## EXERCISE BRIEF
Your answer should be every line with the word "shows", copied from the data below.

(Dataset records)
lemma sq_eigenvalue_le_quadratic_form_square_diff:
  fixes R1 R2 :: "real^'n^'n"
  assumes R1: "sym_mat R1" and R2: "psd R2" and v: "v \<bullet> v = 1"
    and eig: "(R1 - R2) *v v = \<mu> *\<^sub>R v" and "0 \<le> \<mu>"
  shows "\<mu>\<^sup>2 \<le> v \<bullet> ((R1 ** R1 - R2 ** R2) *v v)"
proof -
  define a b where "a = R1 *v v" and "b = R2 *v v"
  have "a = b + \<mu> *\<^sub>R v"
    using eig by (simp add: a_def b_def matrix_vector_mult_diff_rdistrib algebra_simps)
  have "v \<bullet> ((R1 ** R1 - R2 ** R2) *v v) = a \<bullet> a - b \<bullet> b"
    using sym_mat_inner_commute[OF R1, of v a] sym_mat_inner_commute[of R2 v b] R2
    by (simp add: a_def b_def psd_def matrix_vector_mult_diff_rdistrib inner_diff_right
        flip: matrix_vector_mul_assoc)
  also have "\<dots> = 2 * \<mu> * (v \<bullet> b) + \<mu>\<^sup>2"
    unfolding \<open>a = b + \<mu> *\<^sub>R v\<close>
    by (simp add: inner_add_left inner_add_right v inner_commute power2_eq_square algebra_simps)
  finally show ?thesis
    using R2 \<open>0 \<le> \<mu>\<close> by (simp add: psd_def b_def)
qed

text \<open>Testing \<open>R1\<^sup>2 - R2\<^sup>2\<close> on a unit eigenvector of \<open>R1 - R2\<close> bounds the square of
  each eigenvalue of \<open>R1 - R2\<close>; for a negative eigenvalue swap the roles of \<open>R1\<close> and \<open>R2\<close>.\<close>
theorem op_norm_diff_le_sqrt_op_norm_square_diff:
  fixes R1 R2 :: "real^'n^'n"
  assumes R1: "psd R1" and R2: "psd R2"
  shows "op_norm (R1 - R2) \<le> sqrt (op_norm (R1 ** R1 - R2 ** R2))"
proof -
  have sym: "sym_mat R1" "sym_mat R2"
    using R1 R2 by (simp_all add: psd_def)
  define c where "c = op_norm (R1 ** R1 - R2 ** R2)"
  define l where "l = (\<lambda>b. b \<bullet> ((R1 - R2) *v b))"
  obtain B where B: "orthonormal_basis B" and decomp: "R1 - R2 = spectral_mat B l"
    using sym_mat_spectral_decomposition[OF sym_mat_diff[OF sym]] unfolding l_def by blast
  have "(l b)\<^sup>2 \<le> c" if "b \<in> B" for b
  proof -
    have v: "b \<bullet> b = 1" "norm b = 1"
      using orthonormal_norm[OF orthonormal_basisD(1)[OF B] that] by (simp_all add: norm_eq_1)
    have eig: "(R1 - R2) *v b = l b *\<^sub>R b"
      unfolding decomp by (rule spectral_mat_eigenvector[OF orthonormal_basisD(1)[OF B] that])
    have bound: "\<bar>b \<bullet> ((R1 ** R1 - R2 ** R2) *v b)\<bar> \<le> c"
      unfolding c_def by (rule abs_quadratic_form_le_op_norm[OF v(2)])
    show ?thesis
    proof (cases "0 \<le> l b")
      case True
      with bound show ?thesis
        using sq_eigenvalue_le_quadratic_form_square_diff[OF sym(1) R2 v(1) eig] by simp
    next
      case False
      have "(R2 - R1) *v b = (- l b) *\<^sub>R b"
        using eig by (simp add: matrix_vector_mult_diff_rdistrib algebra_simps)
      with False have "(- l b)\<^sup>2 \<le> b \<bullet> ((R2 ** R2 - R1 ** R1) *v b)"
        by (intro sq_eigenvalue_le_quadratic_form_square_diff[OF sym(2) R1 v(1)]) simp_all
      with bound show ?thesis
        by (simp add: matrix_vector_mult_diff_rdistrib inner_diff_right)
    qed
  qed
  moreover have "0 \<le> c"
    unfolding c_def by (rule op_norm_nonneg)
  ultimately have "op_norm (spectral_mat B l) \<le> sqrt c"
    by (intro op_norm_spectral_mat_le[OF B]) (simp_all add: real_le_rsqrt)
  then show ?thesis
    by (simp add: decomp c_def)
qed

section \<open>Unital matrix algebras\<close>

locale matrix_algebra =
  fixes K :: "(real^'n^'n) set"
  assumes scaleR_closed: "A \<in> K \<Longrightarrow> c *\<^sub>R A \<in> K"
    and add_closed: "A \<in> K \<Longrightarrow> B \<in> K \<Longrightarrow> A + B \<in> K"
    and mult_closed: "A \<in> K \<Longrightarrow> B \<in> K \<Longrightarrow> A ** B \<in> K"
    and one_closed: "mat 1 \<in> K"

lemma well_structured_iff:
  "well_structured (\<H> :: (real^'n^'n) set) \<longleftrightarrow> (\<exists>K. matrix_algebra K \<and> \<H> = {H. psd H} \<inter> K)"
proof -
  have "matrix_algebra K \<longleftrightarrow> (\<forall>c A. A \<in> K \<longrightarrow> c *\<^sub>R A \<in> K) \<and>
      (\<forall>A B. A \<in> K \<longrightarrow> B \<in> K \<longrightarrow> A + B \<in> K) \<and>
      (\<forall>A B. A \<in> K \<longrightarrow> B \<in> K \<longrightarrow> A ** B \<in> K) \<and> mat 1 \<in> K" for K :: "(real^'n^'n) set"
    unfolding matrix_algebra_def by auto
  then show ?thesis unfolding well_structured_def by simp
qed

context matrix_algebra
begin

lemma zero_closed: "0 \<in> K"
  using scaleR_closed[OF one_closed, of 0] by simp

lemma diff_closed: "A \<in> K \<Longrightarrow> B \<in> K \<Longrightarrow> A - B \<in> K"
  using add_closed[of A "(-1) *\<^sub>R B"] scaleR_closed[of B "-1"] by simp

lemma sum_closed: "(\<And>i. i \<in> I \<Longrightarrow> f i \<in> K) \<Longrightarrow> (\<Sum>i\<in>I. f i) \<in> K"
  by (induction I rule: infinite_finite_induct) (auto simp: zero_closed add_closed)

lemma spectral_mat_prod_closed:
  assumes B: "orthonormal_basis B" and "spectral_mat B l \<in> K" and "finite F"
  shows "spectral_mat B (\<lambda>b. \<Prod>\<nu>\<in>F. l b - \<nu>) \<in> K"
  using \<open>finite F\<close>
proof (induction F rule: finite_induct)
  case empty
  then show ?case by (simp add: spectral_mat_one[OF B] one_closed)
next
  case (insert \<nu> F)
  have "spectral_mat B (\<lambda>b. l b - \<nu>) = spectral_mat B l - \<nu> *\<^sub>R mat 1"
    using spectral_mat_diff[of B l "\<lambda>_. \<nu>"] spectral_mat_scaleR[of B \<nu> "\<lambda>_. 1"]
    by (simp add: spectral_mat_one[OF B])
  also have "\<dots> \<in> K"
    using assms(2) by (intro diff_closed scaleR_closed one_closed)
  finally have "spectral_mat B (\<lambda>b. l b - \<nu>) ** spectral_mat B (\<lambda>b. \<Prod>\<nu>\<in>F. l b - \<nu>) \<in> K"
    using insert.IH by (rule mult_closed)
  then show ?case
    using insert.hyps by (simp add: spectral_mat_mult[OF orthonormal_basisD(1)[OF B]])
qed

text \<open>Lagrange interpolation: the indicator of the eigenvalue \<open>\<mu>\<close> is a polynomial in the
  eigenvalues, so the spectral projector lies in \<open>K\<close>.\<close>
lemma spectral_projector_closed:
  assumes B: "orthonormal_basis B" and "spectral_mat B l \<in> K"
  shows "spectral_mat B (\<lambda>b. if l b = \<mu> then 1 else 0) \<in> K"
proof -
  define F where "F = l ` B - {\<mu>}"
  have "finite F"
    unfolding F_def using orthonormal_basis_finite[OF B] by simp
  define c where "c = (\<Prod>\<nu>\<in>F. \<mu> - \<nu>)"
  have "c \<noteq> 0" unfolding c_def using \<open>finite F\<close> by (simp add: F_def)
  have "spectral_mat B (\<lambda>b. if l b = \<mu> then 1 else 0)
      = spectral_mat B (\<lambda>b. (1 / c) * (\<Prod>\<nu>\<in>F. l b - \<nu>))"
  proof (rule spectral_mat_cong)
    fix b assume "b \<in> B"
    then have "l b \<noteq> \<mu> \<Longrightarrow> (\<Prod>\<nu>\<in>F. l b - \<nu>) = 0"
      using \<open>finite F\<close> by (intro prod_zero) (auto simp: F_def)
    then show "(if l b = \<mu> then 1 else 0) = (1 / c) * (\<Prod>\<nu>\<in>F. l b - \<nu>)"
      using \<open>c \<noteq> 0\<close> by (auto simp: c_def)
  qed
  also have "\<dots> \<in> K"
    unfolding spectral_mat_scaleR
    by (intro scaleR_closed spectral_mat_prod_closed[OF assms \<open>finite F\<close>])
  finally show ?thesis .
qed

lemma spectral_mat_fun_closed:
  assumes B: "orthonormal_basis B" and "spectral_mat B l \<in> K"
  shows "spectral_mat B (\<lambda>b. f (l b)) \<in> K"
proof -
  have "finite (l ` B)"
    using orthonormal_basis_finite[OF B] by simp
  then have "spectral_mat B (\<lambda>b. f (l b))
      = spectral_mat B (\<lambda>b. \<Sum>\<mu>\<in>l ` B. f \<mu> * (if l b = \<mu> then 1 else 0))"
    by (intro spectral_mat_cong) (simp add: if_distrib[of "\<lambda>t. f _ * t"] sum.delta cong: if_cong)
  also have "\<dots> = (\<Sum>\<mu>\<in>l ` B. f \<mu> *\<^sub>R spectral_mat B (\<lambda>b. if l b = \<mu> then 1 else 0))"
    by (simp add: spectral_mat_sum spectral_mat_scaleR)
  also have "\<dots> \<in> K"
    by (intro sum_closed scaleR_closed spectral_projector_closed[OF assms])
  finally show ?thesis .
qed

subsection \<open>Projection onto the symmetric part and the preconditioner map\<close>

definition is_sym_projection :: "real^'n^'n \<Rightarrow> real^'n^'n \<Rightarrow> bool" where
  "is_sym_projection M N \<longleftrightarrow> N \<in> K \<and> sym_mat N \<and> (\<forall>W\<in>K. sym_mat W \<longrightarrow> (M - N) \<bullet> W = 0)"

## ANSWER BOX
  shows "\<mu>\<^sup>2 \<le> v \<bullet> ((R1 ** R1 - R2 ** R2) *v v)"
  shows "op_norm (R1 - R2) \<le> sqrt (op_norm (R1 ** R1 - R2 ** R2))"
  shows "spectral_mat B (\<lambda>b. \<Prod>\<nu>\<in>F. l b - \<nu>) \<in> K"
  shows "spectral_mat B (\<lambda>b. if l b = \<mu> then 1 else 0) \<in> K"
  shows "spectral_mat B (\<lambda>b. f (l b)) \<in> K"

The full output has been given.